** Opening SUPPLIED INFORMATION block **

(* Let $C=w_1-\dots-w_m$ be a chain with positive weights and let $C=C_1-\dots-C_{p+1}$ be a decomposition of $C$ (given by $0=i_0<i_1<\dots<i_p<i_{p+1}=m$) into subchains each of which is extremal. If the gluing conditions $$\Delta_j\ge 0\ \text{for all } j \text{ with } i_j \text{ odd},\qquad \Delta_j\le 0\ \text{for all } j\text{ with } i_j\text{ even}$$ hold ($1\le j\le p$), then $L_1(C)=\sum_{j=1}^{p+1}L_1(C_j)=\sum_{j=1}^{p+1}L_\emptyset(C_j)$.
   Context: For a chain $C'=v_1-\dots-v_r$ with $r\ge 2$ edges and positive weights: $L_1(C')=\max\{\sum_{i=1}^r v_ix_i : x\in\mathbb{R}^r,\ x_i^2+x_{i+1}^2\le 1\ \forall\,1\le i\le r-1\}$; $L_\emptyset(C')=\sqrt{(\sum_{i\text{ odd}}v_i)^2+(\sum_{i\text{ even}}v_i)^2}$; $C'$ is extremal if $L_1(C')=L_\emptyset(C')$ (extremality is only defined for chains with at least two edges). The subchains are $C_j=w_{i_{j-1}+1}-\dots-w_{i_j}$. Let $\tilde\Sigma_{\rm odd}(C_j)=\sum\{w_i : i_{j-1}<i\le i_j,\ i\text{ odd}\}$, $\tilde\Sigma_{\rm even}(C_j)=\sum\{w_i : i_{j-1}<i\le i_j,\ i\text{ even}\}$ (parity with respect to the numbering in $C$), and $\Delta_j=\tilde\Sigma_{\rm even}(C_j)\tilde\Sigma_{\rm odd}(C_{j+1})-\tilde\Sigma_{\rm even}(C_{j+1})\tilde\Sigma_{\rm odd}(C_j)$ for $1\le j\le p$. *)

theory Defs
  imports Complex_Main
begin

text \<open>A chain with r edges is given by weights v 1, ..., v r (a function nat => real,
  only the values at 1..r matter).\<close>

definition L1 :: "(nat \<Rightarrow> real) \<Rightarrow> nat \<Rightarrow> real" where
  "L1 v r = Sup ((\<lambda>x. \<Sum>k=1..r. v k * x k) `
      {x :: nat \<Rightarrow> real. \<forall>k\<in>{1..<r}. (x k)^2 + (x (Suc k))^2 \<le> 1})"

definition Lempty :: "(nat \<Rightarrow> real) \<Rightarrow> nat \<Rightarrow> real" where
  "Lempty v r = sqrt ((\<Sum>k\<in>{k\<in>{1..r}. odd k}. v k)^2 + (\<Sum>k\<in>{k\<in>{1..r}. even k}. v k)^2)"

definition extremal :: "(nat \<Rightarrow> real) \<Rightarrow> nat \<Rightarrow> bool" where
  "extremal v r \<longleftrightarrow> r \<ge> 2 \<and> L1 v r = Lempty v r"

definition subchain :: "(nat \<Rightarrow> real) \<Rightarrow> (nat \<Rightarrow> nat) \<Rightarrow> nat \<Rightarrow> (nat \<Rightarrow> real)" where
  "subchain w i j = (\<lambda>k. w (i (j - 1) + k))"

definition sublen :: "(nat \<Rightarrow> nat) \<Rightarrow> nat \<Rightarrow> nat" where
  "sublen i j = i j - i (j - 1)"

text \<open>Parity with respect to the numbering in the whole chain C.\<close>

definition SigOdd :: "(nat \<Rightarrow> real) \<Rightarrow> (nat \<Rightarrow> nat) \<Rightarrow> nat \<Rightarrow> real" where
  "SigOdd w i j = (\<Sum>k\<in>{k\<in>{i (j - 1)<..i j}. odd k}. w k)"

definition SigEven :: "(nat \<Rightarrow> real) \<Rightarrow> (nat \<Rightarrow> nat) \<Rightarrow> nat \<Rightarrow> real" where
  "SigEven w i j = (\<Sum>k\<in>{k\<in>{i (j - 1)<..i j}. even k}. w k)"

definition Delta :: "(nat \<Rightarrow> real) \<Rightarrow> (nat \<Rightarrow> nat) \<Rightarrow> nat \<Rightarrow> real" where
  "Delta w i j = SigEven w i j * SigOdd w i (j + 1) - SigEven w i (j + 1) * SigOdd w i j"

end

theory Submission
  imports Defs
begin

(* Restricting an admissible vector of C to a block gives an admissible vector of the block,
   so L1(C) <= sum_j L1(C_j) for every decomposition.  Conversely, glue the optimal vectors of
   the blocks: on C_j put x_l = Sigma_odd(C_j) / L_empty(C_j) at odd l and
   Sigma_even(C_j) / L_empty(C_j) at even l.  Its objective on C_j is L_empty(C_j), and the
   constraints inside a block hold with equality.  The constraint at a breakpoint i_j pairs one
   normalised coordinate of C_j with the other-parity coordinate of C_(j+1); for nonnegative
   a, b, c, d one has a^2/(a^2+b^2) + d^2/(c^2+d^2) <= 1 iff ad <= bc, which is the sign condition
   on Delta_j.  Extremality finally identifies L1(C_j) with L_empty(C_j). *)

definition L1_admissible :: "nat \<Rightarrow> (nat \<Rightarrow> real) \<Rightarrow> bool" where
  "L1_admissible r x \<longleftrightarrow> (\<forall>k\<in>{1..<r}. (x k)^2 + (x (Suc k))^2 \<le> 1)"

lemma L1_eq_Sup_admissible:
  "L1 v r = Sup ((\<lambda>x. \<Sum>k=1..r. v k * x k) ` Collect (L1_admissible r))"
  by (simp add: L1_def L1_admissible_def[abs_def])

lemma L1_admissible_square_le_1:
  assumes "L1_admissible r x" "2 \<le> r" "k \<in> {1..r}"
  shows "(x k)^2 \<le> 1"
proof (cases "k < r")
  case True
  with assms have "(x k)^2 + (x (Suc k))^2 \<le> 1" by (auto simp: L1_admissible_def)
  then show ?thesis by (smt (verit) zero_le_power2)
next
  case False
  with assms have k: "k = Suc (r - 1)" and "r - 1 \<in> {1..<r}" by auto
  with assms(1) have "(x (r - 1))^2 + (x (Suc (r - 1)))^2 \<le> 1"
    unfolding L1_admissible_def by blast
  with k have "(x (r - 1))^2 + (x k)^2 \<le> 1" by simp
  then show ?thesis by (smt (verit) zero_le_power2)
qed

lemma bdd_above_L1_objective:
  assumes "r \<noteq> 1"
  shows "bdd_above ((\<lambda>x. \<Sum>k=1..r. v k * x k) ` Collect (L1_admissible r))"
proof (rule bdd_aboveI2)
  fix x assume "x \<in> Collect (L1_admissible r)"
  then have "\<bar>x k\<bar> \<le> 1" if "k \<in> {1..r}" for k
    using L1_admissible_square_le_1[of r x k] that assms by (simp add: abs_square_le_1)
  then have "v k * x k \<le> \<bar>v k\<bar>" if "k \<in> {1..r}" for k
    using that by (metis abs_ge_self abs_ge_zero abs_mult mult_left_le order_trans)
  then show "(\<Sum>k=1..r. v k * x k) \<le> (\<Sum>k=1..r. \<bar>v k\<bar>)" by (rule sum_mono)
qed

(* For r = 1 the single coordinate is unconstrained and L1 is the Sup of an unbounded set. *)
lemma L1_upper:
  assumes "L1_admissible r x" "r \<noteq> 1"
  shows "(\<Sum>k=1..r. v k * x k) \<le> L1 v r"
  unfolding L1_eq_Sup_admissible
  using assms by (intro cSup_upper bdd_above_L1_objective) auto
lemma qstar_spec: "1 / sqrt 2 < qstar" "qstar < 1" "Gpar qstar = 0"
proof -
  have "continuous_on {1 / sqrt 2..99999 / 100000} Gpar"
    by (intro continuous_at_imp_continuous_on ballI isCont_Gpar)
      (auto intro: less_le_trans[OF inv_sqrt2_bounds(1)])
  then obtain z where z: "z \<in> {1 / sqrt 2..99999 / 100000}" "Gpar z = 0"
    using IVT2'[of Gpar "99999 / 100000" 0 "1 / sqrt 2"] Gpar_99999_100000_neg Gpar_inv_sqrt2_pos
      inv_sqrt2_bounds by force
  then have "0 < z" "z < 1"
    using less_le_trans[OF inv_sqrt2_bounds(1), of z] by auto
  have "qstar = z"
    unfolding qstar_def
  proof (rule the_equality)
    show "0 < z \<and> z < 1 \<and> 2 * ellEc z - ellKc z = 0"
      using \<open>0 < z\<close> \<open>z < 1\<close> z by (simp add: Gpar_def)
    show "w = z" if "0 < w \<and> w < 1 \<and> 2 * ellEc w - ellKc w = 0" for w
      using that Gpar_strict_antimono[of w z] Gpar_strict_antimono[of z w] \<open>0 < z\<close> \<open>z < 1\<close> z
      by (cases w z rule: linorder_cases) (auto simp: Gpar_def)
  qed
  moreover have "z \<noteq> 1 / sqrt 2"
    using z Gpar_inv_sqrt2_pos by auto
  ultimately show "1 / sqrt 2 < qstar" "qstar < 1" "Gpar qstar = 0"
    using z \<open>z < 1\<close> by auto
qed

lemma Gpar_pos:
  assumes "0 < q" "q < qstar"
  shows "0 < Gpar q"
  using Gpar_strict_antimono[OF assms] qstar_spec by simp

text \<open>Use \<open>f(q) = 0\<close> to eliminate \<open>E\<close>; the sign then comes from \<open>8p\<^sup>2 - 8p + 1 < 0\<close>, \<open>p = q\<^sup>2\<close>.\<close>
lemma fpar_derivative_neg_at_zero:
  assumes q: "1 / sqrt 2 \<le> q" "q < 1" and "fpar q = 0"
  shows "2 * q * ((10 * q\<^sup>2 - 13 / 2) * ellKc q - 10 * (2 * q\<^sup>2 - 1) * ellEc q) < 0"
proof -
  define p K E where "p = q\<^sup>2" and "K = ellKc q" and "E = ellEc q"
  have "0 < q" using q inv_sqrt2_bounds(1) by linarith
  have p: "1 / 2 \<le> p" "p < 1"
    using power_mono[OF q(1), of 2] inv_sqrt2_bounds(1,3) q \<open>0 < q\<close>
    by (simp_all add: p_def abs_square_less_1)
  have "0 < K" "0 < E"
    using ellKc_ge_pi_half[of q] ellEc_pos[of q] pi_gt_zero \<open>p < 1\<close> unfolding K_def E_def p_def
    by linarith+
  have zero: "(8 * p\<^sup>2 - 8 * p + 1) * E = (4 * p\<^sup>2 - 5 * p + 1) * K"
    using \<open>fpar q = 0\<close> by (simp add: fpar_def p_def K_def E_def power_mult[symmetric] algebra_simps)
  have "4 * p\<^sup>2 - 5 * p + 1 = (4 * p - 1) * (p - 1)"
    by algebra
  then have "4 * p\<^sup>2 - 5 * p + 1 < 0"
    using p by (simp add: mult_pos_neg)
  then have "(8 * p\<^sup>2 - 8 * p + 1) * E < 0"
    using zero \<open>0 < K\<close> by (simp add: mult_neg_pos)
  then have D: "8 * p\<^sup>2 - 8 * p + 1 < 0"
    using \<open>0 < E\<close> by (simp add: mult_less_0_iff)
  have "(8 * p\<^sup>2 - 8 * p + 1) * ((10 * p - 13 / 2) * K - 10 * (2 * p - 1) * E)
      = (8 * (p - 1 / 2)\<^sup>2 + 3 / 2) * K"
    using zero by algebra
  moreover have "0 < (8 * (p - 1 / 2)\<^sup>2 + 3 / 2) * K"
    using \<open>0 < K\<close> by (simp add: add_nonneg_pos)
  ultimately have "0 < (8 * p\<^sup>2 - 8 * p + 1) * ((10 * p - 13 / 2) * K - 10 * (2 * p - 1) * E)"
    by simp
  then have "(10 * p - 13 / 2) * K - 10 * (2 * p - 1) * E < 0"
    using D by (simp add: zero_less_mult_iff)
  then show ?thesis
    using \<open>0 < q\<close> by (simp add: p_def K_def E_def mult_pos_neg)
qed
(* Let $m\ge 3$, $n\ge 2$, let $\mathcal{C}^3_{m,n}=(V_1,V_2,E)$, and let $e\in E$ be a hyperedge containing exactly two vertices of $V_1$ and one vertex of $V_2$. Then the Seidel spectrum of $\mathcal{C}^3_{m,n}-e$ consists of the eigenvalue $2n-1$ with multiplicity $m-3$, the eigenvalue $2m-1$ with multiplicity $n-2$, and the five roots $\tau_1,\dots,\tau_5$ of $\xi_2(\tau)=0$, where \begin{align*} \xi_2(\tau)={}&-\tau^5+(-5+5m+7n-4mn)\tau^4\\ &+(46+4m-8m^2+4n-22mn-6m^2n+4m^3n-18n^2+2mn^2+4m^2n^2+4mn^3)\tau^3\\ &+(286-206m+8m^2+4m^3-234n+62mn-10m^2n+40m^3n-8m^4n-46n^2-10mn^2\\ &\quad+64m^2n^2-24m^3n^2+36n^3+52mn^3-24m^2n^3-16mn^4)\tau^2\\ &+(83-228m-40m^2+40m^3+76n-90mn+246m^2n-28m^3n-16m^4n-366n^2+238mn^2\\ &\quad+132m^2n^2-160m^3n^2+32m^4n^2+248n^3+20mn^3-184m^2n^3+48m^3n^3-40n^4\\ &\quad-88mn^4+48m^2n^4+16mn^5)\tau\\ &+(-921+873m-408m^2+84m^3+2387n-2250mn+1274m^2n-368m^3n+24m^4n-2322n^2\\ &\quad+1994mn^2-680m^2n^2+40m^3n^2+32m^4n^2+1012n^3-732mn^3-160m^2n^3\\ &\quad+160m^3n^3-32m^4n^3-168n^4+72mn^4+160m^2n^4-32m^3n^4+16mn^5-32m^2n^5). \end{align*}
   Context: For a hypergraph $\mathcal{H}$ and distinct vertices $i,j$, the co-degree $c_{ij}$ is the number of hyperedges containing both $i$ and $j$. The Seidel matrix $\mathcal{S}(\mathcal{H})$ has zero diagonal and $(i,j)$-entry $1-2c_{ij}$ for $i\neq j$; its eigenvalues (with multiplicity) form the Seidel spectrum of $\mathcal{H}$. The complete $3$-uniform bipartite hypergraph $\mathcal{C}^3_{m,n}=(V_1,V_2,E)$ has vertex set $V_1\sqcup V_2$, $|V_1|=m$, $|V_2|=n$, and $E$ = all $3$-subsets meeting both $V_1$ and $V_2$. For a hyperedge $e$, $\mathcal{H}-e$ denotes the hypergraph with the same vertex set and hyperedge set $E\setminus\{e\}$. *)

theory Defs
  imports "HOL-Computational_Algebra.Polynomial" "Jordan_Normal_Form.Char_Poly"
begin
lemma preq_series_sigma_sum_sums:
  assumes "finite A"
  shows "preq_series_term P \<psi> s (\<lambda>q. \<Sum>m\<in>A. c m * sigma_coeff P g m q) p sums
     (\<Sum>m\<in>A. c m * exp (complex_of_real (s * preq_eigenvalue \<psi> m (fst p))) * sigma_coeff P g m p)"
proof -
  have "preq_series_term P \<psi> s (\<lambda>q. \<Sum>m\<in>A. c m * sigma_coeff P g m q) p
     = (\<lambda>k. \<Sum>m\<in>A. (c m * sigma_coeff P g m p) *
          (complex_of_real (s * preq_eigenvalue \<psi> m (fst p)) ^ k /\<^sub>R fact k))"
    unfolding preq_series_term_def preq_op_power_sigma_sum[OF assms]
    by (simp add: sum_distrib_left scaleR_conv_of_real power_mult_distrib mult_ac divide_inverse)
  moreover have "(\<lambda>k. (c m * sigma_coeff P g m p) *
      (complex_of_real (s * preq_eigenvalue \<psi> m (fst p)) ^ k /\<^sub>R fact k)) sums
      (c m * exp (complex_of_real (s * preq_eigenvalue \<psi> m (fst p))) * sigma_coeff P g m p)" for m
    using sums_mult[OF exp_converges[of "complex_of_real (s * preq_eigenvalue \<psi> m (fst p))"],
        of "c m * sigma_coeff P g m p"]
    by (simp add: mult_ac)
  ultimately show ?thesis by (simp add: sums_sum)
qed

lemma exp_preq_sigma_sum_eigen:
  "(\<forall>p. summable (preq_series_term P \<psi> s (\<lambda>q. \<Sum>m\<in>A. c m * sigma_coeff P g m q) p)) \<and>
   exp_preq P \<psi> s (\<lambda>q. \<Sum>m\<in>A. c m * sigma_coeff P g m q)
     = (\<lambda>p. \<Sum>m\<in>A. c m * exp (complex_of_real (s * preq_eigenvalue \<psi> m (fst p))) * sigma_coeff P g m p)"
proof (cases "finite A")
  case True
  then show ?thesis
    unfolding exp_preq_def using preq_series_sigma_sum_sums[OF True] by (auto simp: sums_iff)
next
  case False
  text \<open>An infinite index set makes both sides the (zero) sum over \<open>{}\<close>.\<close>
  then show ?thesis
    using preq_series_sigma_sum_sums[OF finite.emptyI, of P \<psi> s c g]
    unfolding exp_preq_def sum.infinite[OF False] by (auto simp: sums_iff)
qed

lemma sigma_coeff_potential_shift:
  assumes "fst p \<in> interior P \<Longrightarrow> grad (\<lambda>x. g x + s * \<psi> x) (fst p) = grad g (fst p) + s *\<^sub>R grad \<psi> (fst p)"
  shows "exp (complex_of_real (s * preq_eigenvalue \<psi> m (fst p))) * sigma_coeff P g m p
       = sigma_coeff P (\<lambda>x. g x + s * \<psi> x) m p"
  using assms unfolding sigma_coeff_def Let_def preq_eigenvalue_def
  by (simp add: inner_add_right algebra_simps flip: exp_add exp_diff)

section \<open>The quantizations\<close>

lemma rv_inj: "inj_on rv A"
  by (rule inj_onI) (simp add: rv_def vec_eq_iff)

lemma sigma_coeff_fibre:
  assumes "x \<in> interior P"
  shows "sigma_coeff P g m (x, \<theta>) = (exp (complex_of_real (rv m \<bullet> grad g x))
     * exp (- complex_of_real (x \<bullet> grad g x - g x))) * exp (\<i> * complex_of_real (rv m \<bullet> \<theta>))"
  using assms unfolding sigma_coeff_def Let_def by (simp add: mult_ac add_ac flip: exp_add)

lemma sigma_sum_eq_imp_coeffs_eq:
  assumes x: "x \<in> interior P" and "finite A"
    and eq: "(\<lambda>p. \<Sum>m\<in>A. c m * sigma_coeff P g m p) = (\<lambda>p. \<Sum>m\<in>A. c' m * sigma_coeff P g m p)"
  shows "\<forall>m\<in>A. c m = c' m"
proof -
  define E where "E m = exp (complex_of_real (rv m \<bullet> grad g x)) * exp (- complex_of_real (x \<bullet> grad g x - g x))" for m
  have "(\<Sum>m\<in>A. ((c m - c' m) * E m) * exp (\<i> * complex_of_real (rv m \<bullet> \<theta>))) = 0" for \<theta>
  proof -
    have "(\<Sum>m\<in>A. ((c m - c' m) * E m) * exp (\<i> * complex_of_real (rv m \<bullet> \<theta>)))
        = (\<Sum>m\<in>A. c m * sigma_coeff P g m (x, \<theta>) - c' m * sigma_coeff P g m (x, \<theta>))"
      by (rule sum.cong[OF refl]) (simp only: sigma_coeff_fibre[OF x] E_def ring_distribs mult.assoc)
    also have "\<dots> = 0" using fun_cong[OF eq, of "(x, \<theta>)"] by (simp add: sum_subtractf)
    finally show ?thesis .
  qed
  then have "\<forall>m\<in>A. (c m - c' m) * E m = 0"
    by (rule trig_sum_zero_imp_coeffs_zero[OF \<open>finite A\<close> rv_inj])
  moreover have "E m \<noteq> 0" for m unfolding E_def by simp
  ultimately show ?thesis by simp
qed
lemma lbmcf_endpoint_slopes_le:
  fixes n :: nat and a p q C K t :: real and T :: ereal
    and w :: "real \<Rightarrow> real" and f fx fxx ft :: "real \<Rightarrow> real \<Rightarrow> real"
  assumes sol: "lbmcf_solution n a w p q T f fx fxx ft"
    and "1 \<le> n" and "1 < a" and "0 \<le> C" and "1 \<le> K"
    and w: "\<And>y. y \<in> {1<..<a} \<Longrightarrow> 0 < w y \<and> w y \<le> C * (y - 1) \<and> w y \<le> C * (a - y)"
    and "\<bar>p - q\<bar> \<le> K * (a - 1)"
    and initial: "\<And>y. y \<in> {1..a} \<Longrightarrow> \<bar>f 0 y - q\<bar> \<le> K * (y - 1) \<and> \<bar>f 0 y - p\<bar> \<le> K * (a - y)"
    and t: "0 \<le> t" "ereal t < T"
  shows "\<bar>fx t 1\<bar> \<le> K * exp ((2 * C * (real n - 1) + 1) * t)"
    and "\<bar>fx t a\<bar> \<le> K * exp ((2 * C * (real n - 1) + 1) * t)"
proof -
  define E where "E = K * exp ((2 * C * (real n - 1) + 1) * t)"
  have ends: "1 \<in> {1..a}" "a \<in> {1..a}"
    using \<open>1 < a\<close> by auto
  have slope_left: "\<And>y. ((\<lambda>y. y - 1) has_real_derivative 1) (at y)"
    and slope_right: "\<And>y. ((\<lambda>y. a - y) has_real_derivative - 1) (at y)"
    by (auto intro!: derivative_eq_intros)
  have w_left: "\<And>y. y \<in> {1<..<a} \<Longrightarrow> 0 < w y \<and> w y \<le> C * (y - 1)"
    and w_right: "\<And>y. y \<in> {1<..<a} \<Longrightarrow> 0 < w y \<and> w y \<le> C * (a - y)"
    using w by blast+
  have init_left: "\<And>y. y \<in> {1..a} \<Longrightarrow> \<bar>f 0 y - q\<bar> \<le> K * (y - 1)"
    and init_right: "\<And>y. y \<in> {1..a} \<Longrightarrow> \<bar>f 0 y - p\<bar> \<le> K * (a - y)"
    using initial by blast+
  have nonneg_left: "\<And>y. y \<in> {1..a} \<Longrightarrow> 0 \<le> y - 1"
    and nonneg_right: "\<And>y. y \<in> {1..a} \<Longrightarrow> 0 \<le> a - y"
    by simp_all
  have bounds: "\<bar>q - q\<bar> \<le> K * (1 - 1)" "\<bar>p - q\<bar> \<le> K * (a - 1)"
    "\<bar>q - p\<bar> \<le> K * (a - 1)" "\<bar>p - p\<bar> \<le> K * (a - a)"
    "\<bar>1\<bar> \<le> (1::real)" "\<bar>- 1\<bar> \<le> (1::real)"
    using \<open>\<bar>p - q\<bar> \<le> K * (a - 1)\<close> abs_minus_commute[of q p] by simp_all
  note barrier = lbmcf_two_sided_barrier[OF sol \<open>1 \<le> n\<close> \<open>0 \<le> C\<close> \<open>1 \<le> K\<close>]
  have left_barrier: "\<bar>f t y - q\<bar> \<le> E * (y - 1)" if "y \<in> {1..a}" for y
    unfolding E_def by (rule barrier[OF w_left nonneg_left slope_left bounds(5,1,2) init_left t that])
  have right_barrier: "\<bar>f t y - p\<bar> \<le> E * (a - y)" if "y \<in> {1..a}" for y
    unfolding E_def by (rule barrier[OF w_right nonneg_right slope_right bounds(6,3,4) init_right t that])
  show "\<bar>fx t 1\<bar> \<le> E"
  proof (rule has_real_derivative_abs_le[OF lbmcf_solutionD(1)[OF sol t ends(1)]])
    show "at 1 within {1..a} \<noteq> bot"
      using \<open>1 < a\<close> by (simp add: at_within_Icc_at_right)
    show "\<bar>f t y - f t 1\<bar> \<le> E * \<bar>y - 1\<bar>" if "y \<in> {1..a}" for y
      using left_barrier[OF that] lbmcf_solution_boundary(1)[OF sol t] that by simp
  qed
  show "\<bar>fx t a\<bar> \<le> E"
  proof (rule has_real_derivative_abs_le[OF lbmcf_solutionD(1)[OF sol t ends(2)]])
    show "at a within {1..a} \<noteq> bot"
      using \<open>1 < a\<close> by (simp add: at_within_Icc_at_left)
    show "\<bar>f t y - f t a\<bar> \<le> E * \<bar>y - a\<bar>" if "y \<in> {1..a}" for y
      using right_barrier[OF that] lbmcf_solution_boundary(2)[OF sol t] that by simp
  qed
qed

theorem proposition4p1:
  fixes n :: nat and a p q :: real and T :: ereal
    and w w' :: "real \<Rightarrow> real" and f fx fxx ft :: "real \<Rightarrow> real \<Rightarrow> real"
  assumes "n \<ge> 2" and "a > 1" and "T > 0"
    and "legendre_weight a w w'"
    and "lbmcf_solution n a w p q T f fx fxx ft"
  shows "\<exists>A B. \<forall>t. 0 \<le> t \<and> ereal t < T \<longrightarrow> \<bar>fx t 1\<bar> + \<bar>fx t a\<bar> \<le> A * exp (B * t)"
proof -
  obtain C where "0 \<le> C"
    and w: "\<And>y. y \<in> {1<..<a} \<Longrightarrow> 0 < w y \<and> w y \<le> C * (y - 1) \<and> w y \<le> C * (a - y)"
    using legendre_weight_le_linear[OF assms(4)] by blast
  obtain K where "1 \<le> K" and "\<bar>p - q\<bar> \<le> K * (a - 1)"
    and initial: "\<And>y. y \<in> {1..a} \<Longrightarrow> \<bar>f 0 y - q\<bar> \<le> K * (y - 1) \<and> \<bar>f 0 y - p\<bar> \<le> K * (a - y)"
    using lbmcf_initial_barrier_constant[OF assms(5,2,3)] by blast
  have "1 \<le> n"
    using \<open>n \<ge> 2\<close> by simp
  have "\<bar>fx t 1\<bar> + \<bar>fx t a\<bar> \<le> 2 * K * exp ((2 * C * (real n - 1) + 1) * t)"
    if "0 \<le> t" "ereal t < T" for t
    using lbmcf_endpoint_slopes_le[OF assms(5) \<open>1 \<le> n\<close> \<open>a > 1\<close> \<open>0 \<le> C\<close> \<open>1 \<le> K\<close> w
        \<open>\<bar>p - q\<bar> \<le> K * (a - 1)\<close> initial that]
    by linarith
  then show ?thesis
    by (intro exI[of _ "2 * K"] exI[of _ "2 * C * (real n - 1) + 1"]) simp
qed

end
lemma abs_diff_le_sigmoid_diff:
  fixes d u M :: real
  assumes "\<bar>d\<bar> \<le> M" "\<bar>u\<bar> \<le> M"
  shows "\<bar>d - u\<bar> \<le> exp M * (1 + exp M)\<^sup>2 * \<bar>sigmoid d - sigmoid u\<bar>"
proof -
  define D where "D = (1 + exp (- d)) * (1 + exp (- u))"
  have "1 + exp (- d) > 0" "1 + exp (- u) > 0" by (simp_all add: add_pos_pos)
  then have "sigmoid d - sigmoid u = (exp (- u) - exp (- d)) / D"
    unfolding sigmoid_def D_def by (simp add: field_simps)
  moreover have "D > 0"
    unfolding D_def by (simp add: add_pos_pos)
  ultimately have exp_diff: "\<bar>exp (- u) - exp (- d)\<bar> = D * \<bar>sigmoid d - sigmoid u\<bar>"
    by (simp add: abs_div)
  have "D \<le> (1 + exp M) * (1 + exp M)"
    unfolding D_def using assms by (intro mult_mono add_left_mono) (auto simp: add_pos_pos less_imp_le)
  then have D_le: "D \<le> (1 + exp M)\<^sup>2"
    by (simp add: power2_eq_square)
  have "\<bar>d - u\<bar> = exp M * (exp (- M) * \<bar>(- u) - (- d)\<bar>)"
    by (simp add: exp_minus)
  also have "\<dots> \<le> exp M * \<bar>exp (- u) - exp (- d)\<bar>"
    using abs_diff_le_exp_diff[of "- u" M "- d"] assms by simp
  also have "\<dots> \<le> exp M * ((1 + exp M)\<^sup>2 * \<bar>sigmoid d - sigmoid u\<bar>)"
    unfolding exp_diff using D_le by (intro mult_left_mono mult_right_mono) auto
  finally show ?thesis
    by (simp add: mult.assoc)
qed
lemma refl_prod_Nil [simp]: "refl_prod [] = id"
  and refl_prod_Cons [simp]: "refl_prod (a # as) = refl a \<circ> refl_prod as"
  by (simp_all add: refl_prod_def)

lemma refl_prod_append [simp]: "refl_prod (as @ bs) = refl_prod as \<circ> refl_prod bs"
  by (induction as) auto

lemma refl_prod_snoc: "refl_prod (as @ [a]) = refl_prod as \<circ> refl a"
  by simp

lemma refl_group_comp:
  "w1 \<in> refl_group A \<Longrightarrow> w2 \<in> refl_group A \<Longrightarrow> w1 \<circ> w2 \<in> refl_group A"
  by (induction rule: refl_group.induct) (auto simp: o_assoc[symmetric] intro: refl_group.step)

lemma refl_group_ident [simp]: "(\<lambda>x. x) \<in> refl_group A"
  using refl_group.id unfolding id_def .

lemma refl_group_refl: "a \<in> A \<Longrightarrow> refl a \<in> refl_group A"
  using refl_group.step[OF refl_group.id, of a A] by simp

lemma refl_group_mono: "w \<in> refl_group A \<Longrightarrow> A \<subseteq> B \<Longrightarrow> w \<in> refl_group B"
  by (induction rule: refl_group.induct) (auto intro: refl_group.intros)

** Closing SUPPLIED INFORMATION block **

◆ EXERCISE AIM:
Of the lines above, extract only those from the line with "using power_mono[OF q(1), of" to the line with "(4 * p\<^sup>2", both included, exactly as written.

◆ YOUR RESPONSE:
    using power_mono[OF q(1), of 2] inv_sqrt2_bounds(1,3) q \<open>0 < q\<close>
    by (simp_all add: p_def abs_square_less_1)
  have "0 < K" "0 < E"
    using ellKc_ge_pi_half[of q] ellEc_pos[of q] pi_gt_zero \<open>p < 1\<close> unfolding K_def E_def p_def
    by linarith+
  have zero: "(8 * p\<^sup>2 - 8 * p + 1) * E = (4 * p\<^sup>2 - 5 * p + 1) * K"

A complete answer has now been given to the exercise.